若き水軍頭目・伊織が出会った、謎の日本人と西洋人。
そこから始まった天草四郎をめぐる陰謀は、宮本武蔵やら三浦按針ゆかりの者、
そして鄭芝龍までも加えての、縦横無尽に駆け回るドタバタ活劇。 その完結巻です。
あとがきにもあるように、まさにチャンバラなんですよね。
その軽快な躍動感が、ややシリアスな内容すらも、どこか軽やかに感じさせて、
エンタテインメントとして充実した作品となっていたように思います。
天草四郎から鄭成功まで、様々な歴史上の有名人が登場しますが、
そのあたりは創作による「嘘」が織り交ぜられ、なかなか楽しいお話になっていました。
最後は、ラスボス的立場として、知恵伊豆さんまで登場。(悪役顔だった)
ですが、あとがきに書かれたような評価も加えられていて、
歴史上の人物を、単純な正義や悪にしていない描き方はさすが。
終盤の戦闘と、その決着など燃えましたし、オチ的ではありましたが爽快でしたし、
チャンバラとしての面白さも、かなりのものでありました。
主人公であるはずの伊織には、ちょっとしまらないシメとなってしまいましたけど、
楽しませていただきましたー!
『ウォースパイト マルスの目』2巻 (竿尾悟 先生)
「戦争は結局、人間の欲望の発露だ」 (本編60ページより)
東郷有希は高校生であるものの、
人々の欲望が歴史上の「戦争」をかたどって見えてしまうという目の持ち主。
クラスメイト・西野茜と普通の生活を送りつつも、その力は災いを呼び寄せ・・・
アワーズ連載の表題作のほか、描き下ろし未発表作品も加えた最終巻となっています。
人の欲望が、歴史上の「戦争」となって見えてしまうという設定は、
私にとってはかなり惹かれるモノでありました。
この巻でも、イラク戦後のファルージャ鎮圧戦や、マタパン沖海戦といった戦争が描かれ、
その中で登場人物たちがしのぎを削り合う姿には、心躍ってしまうものを感じてしまう、
私はそんな人間です。
だからこそ、このウォースパイト(戦争を軽蔑する)というタイトルの意味は、とても重い。

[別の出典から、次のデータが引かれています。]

lemma sum_walsh_mult:
  assumes "p < 2 ^ n" "q < 2 ^ n"
  shows "(\<Sum>y<2 ^ n. walsh n p y * walsh n q y) = (if p = q then 2 ^ n else 0)"
  using sum_walsh[OF xor_less_power[OF assms]]
  by (simp add: walsh_xor_left xor_eq_0_iff_nat)

locale xor_design =
  fixes n m :: nat and zeta xi beta lam :: "nat \<Rightarrow> nat"
  assumes xi_less: "a < 2 ^ n \<Longrightarrow> xi a < 2 ^ m"
    and beta_xor: "l < 2 ^ n \<Longrightarrow> u < 2 ^ n \<Longrightarrow> beta (l XOR u) = beta l XOR beta u"
    and anti_amicable: "\<lbrakk>a < 2 ^ n; b < 2 ^ n; a \<noteq> b\<rbrakk> \<Longrightarrow>
      walsh n (a XOR b) (beta (a XOR b) XOR lam a XOR lam b) * walsh m (zeta a) (xi a XOR xi b)
        = - walsh m (zeta b) (xi a XOR xi b)"
begin

definition block_sign :: "nat \<Rightarrow> nat \<Rightarrow> int" where
  "block_sign i j = walsh n i (beta j XOR lam (i XOR j))"

definition design :: "nat \<Rightarrow> nat \<Rightarrow> int \<times> nat" where
  "design i j =
    (let i1 = i div 2 ^ m; i2 = i mod 2 ^ m; j1 = j div 2 ^ m; j2 = j mod 2 ^ m; a = i1 XOR j1
     in (block_sign i1 j1 * walsh m (zeta a) i2 * walsh m (i2 XOR xi a) j2, a + 1))"

lemma design_block:
  assumes "i2 < 2 ^ m" "j2 < 2 ^ m"
  shows "design (2 ^ m * i1 + i2) (2 ^ m * j1 + j2) =
    (block_sign i1 j1 * walsh m (zeta (i1 XOR j1)) i2 * walsh m (i2 XOR xi (i1 XOR j1)) j2,
     (i1 XOR j1) + 1)"
  using assms by (simp add: design_def Let_def)

lemma design_entry:
  assumes "i < 2 ^ (n + m)" "j < 2 ^ (n + m)"
  shows "fst (design i j) \<in> {-1, 1} \<and> snd (design i j) \<in> {1..2 ^ n}"
proof -
  have "i div 2 ^ m < 2 ^ n" "j div 2 ^ m < 2 ^ n"
    using assms by (simp_all add: less_mult_imp_div_less power_add)
  then have "(i div 2 ^ m) XOR (j div 2 ^ m) < 2 ^ n"
    by (rule xor_less_power)
  moreover have "fst (design i j) \<in> {-1, 1}"
  proof -
    have sign: "u * v \<in> {-1, 1}" if "u \<in> {-1, 1}" "v \<in> {-1, 1}" for u v :: int
      using that by auto
    have "walsh k x y \<in> {-1, 1}" for k x y
      using walsh_cases by auto
    then show ?thesis
      unfolding design_def Let_def block_sign_def fst_conv by (intro sign)
  qed
  ultimately show ?thesis
    by (simp add: design_def Let_def)
qed

definition block_corr :: "nat \<Rightarrow> nat \<Rightarrow> nat \<Rightarrow> nat \<Rightarrow> int" where
  "block_corr a b x y =
    walsh m (zeta a) x * walsh m (zeta b) y * (if x XOR xi a = y XOR xi b then 1 else 0)"

lemma sum_block_rows_mult:
  assumes "a < 2 ^ n" "b < 2 ^ n" "x < 2 ^ m" "y < 2 ^ m"
  shows "(\<Sum>l<2 ^ m. (walsh m (zeta a) x * walsh m (x XOR xi a) l)
            * (walsh m (zeta b) y * walsh m (y XOR xi b) l)) = 2 ^ m * block_corr a b x y"
proof -
  have "x XOR xi a < 2 ^ m" "y XOR xi b < 2 ^ m"
    using assms by (simp_all add: xi_less xor_less_power)
  then have "(\<Sum>l<2 ^ m. walsh m (x XOR xi a) l * walsh m (y XOR xi b) l)
      = (if x XOR xi a = y XOR xi b then 2 ^ m else 0)"
    by (rule sum_walsh_mult)
  then show ?thesis
    by (simp add: block_corr_def sum_distrib_left[symmetric] algebra_simps)
qed

definition block_term :: "(nat \<Rightarrow> real) \<Rightarrow> nat \<Rightarrow> nat \<Rightarrow> nat \<Rightarrow> nat \<Rightarrow> nat \<Rightarrow> real" where
  "block_term z i1 i2 k1 k2 l1 =
    of_int (block_sign i1 l1 * block_sign k1 l1 * block_corr (i1 XOR l1) (k1 XOR l1) i2 k2)
      * z ((i1 XOR l1) + 1) * z ((k1 XOR l1) + 1)"

lemma sum_design_rows_mult:
  assumes "i1 < 2 ^ n" "k1 < 2 ^ n" "i2 < 2 ^ m" "k2 < 2 ^ m"
  shows "(\<Sum>l<2 ^ (n + m). od_entry_val z (design (2 ^ m * i1 + i2) l)
                           * od_entry_val z (design (2 ^ m * k1 + k2) l))
       = 2 ^ m * (\<Sum>l1<2 ^ n. block_term z i1 i2 k1 k2 l1)"
proof -
  let ?F = "\<lambda>l. od_entry_val z (design (2 ^ m * i1 + i2) l) * od_entry_val z (design (2 ^ m * k1 + k2) l)"
  have "(\<Sum>l<2 ^ (n + m). ?F l) = (\<Sum>l1<2 ^ n. \<Sum>l\<in>{l1 * 2 ^ m..<l1 * 2 ^ m + 2 ^ m}. ?F l)"
    using sum.nat_group[of ?F "2 ^ m" "2 ^ n"] by (simp add: power_add)
  also have "\<dots> = (\<Sum>l1<2 ^ n. 2 ^ m * block_term z i1 i2 k1 k2 l1)"
  proof (rule sum.cong[OF refl])
    fix l1 assume "l1 \<in> {..<2 ^ n :: nat}"
    then have a: "i1 XOR l1 < 2 ^ n" and b: "k1 XOR l1 < 2 ^ n"
      using assms by (simp_all add: xor_less_power)
    have "(\<Sum>l\<in>{l1 * 2 ^ m..<l1 * 2 ^ m + 2 ^ m}. ?F l) = (\<Sum>l2<2 ^ m. ?F (2 ^ m * l1 + l2))"
      using sum.shift_bounds_nat_ivl[of ?F 0 "l1 * 2 ^ m" "2 ^ m"]
      by (simp add: lessThan_atLeast0 ac_simps)
    also have "\<dots> = (\<Sum>l2<2 ^ m. of_int (block_sign i1 l1 * block_sign k1 l1)
        * z ((i1 XOR l1) + 1) * z ((k1 XOR l1) + 1)
        * of_int ((walsh m (zeta (i1 XOR l1)) i2 * walsh m (i2 XOR xi (i1 XOR l1)) l2)
                * (walsh m (zeta (k1 XOR l1)) k2 * walsh m (k2 XOR xi (k1 XOR l1)) l2)))"
      using assms by (intro sum.cong) (simp_all add: design_block od_entry_val_def)
    also have "\<dots> = of_int (block_sign i1 l1 * block_sign k1 l1)
        * z ((i1 XOR l1) + 1) * z ((k1 XOR l1) + 1)
        * of_int (\<Sum>l2<2 ^ m. (walsh m (zeta (i1 XOR l1)) i2 * walsh m (i2 XOR xi (i1 XOR l1)) l2)
                * (walsh m (zeta (k1 XOR l1)) k2 * walsh m (k2 XOR xi (k1 XOR l1)) l2))"
      by (simp only: of_int_sum sum_distrib_left)
    also have "\<dots> = 2 ^ m * block_term z i1 i2 k1 k2 l1"
      by (simp only: sum_block_rows_mult[OF a b assms(3,4)]) (simp add: block_term_def)
    finally show "(\<Sum>l\<in>{l1 * 2 ^ m..<l1 * 2 ^ m + 2 ^ m}. ?F l) = 2 ^ m * block_term z i1 i2 k1 k2 l1" .
  qed
  finally show ?thesis
    by (simp add: sum_distrib_left)
qed

lemma block_term_diag: "block_term z i1 i2 i1 i2 l1 = (z ((i1 XOR l1) + 1))\<^sup>2"
proof -
  have "block_sign i1 l1 * block_sign i1 l1 * block_corr (i1 XOR l1) (i1 XOR l1) i2 i2 = 1"
    by (simp add: block_sign_def block_corr_def walsh_mult_self)
  then show ?thesis
    by (simp add: block_term_def power2_eq_square)
qed

lemma block_term_same_block: "i2 \<noteq> k2 \<Longrightarrow> block_term z i1 i2 i1 k2 l1 = 0"
  by (simp add: block_term_def block_corr_def)

lemma sum_block_term_diag:
  assumes "i1 < 2 ^ n"
  shows "(\<Sum>l1<2 ^ n. block_term z i1 i2 i1 i2 l1) = (\<Sum>t\<in>{1..2 ^ n}. (z t)\<^sup>2)"
proof -
  have "(\<Sum>l1<2 ^ n. block_term z i1 i2 i1 i2 l1) = (\<Sum>t<2 ^ n. (z (t + 1))\<^sup>2)"
    unfolding block_term_diag
    by (rule sum.reindex_bij_witness[where i = "\<lambda>t. i1 XOR t" and j = "\<lambda>l. i1 XOR l"])
      (use assms in \<open>auto simp: xor_less_power\<close>)
  also have "\<dots> = (\<Sum>t\<in>{1..2 ^ n}. (z t)\<^sup>2)"
    by (subst image_Suc_lessThan[symmetric]) (simp add: sum.reindex)
  finally show ?thesis .
qed

lemma block_sign_shift:
  assumes "i1 < 2 ^ n" "k1 < 2 ^ n" "l1 < 2 ^ n"
  defines "a \<equiv> i1 XOR l1" and "b \<equiv> k1 XOR l1"
  shows "block_sign i1 (l1 XOR (a XOR b)) * block_sign k1 (l1 XOR (a XOR b))
       = walsh n (a XOR b) (beta (a XOR b) XOR lam a XOR lam b) * (block_sign i1 l1 * block_sign k1 l1)"
proof -
  define u where "u = a XOR b"
  define y where "y = beta u XOR lam a XOR lam b"
  have u: "u = i1 XOR k1"
    by (simp add: u_def a_def b_def ac_simps)
  have "u < 2 ^ n"
    using assms by (simp add: u xor_less_power)
  then have beta_shift: "beta (l1 XOR u) = beta l1 XOR beta u"
    using assms(3) by (rule beta_xor[rotated])
  have "block_sign i1 (l1 XOR u) = walsh n i1 y * block_sign i1 l1"
    unfolding block_sign_def beta_shift
    by (simp add: walsh_xor_right[symmetric] y_def u a_def b_def ac_simps)
  moreover have "block_sign k1 (l1 XOR u) = walsh n k1 y * block_sign k1 l1"
    unfolding block_sign_def beta_shift
    by (simp add: walsh_xor_right[symmetric] y_def u a_def b_def ac_simps)
  moreover have "walsh n i1 y * walsh n k1 y = walsh n u y"
    by (simp add: u walsh_xor_left)
  ultimately show ?thesis
    by (simp add: u_def[symmetric] y_def[symmetric] ac_simps)
qed

lemma block_corr_swap:
  assumes "a < 2 ^ n" "b < 2 ^ n" "a \<noteq> b"
  shows "walsh n (a XOR b) (beta (a XOR b) XOR lam a XOR lam b) * block_corr b a x y
       = - block_corr a b x y"
proof (cases "x XOR xi a = y XOR xi b")
  case False
  then have "x XOR xi b \<noteq> y XOR xi a"
    by (metis xor.assoc xor.commute xor_left_self_nat)
  with False show ?thesis
    by (simp add: block_corr_def)
next
  case True
  define R where "R = walsh n (a XOR b) (beta (a XOR b) XOR lam a XOR lam b)"
  define c where "c = xi a XOR xi b"
  have y: "y = x XOR c"
    using True unfolding c_def by (metis xor.assoc xor_left_self_nat xor.commute)
  then have "x XOR xi b = y XOR xi a"
    by (simp add: c_def ac_simps)
  then have "R * block_corr b a x y = walsh m (zeta b) x * walsh m (zeta a) x * (R * walsh m (zeta a) c)"
    by (simp add: block_corr_def y walsh_xor_right ac_simps)
  also have "R * walsh m (zeta a) c = - walsh m (zeta b) c"
    unfolding R_def c_def by (rule anti_amicable[OF assms])
  also have "walsh m (zeta b) x * walsh m (zeta a) x * - walsh m (zeta b) c = - block_corr a b x y"
    using True by (simp add: block_corr_def y walsh_xor_right ac_simps)
  finally show ?thesis
    unfolding R_def .
qed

エンターテインメントでありつつも、戦争の凄惨さを忘れることはない、という描き方は、
かなり重要なものだったと思っています。 描き下ろし未発表作品も、楽しめました!
『ネクログ』4巻 (熊倉隆敏 先生)
「入魂の仙術ファンタジー ここに完結!」 (オビ文より)
薛姐(シュエねえちゃん)を生き返らせる目的で、
道士・胡才良(フー・ツァイリャン)に弟子入りしたフリーライター・宋玉生(ソン・ユーシェン)。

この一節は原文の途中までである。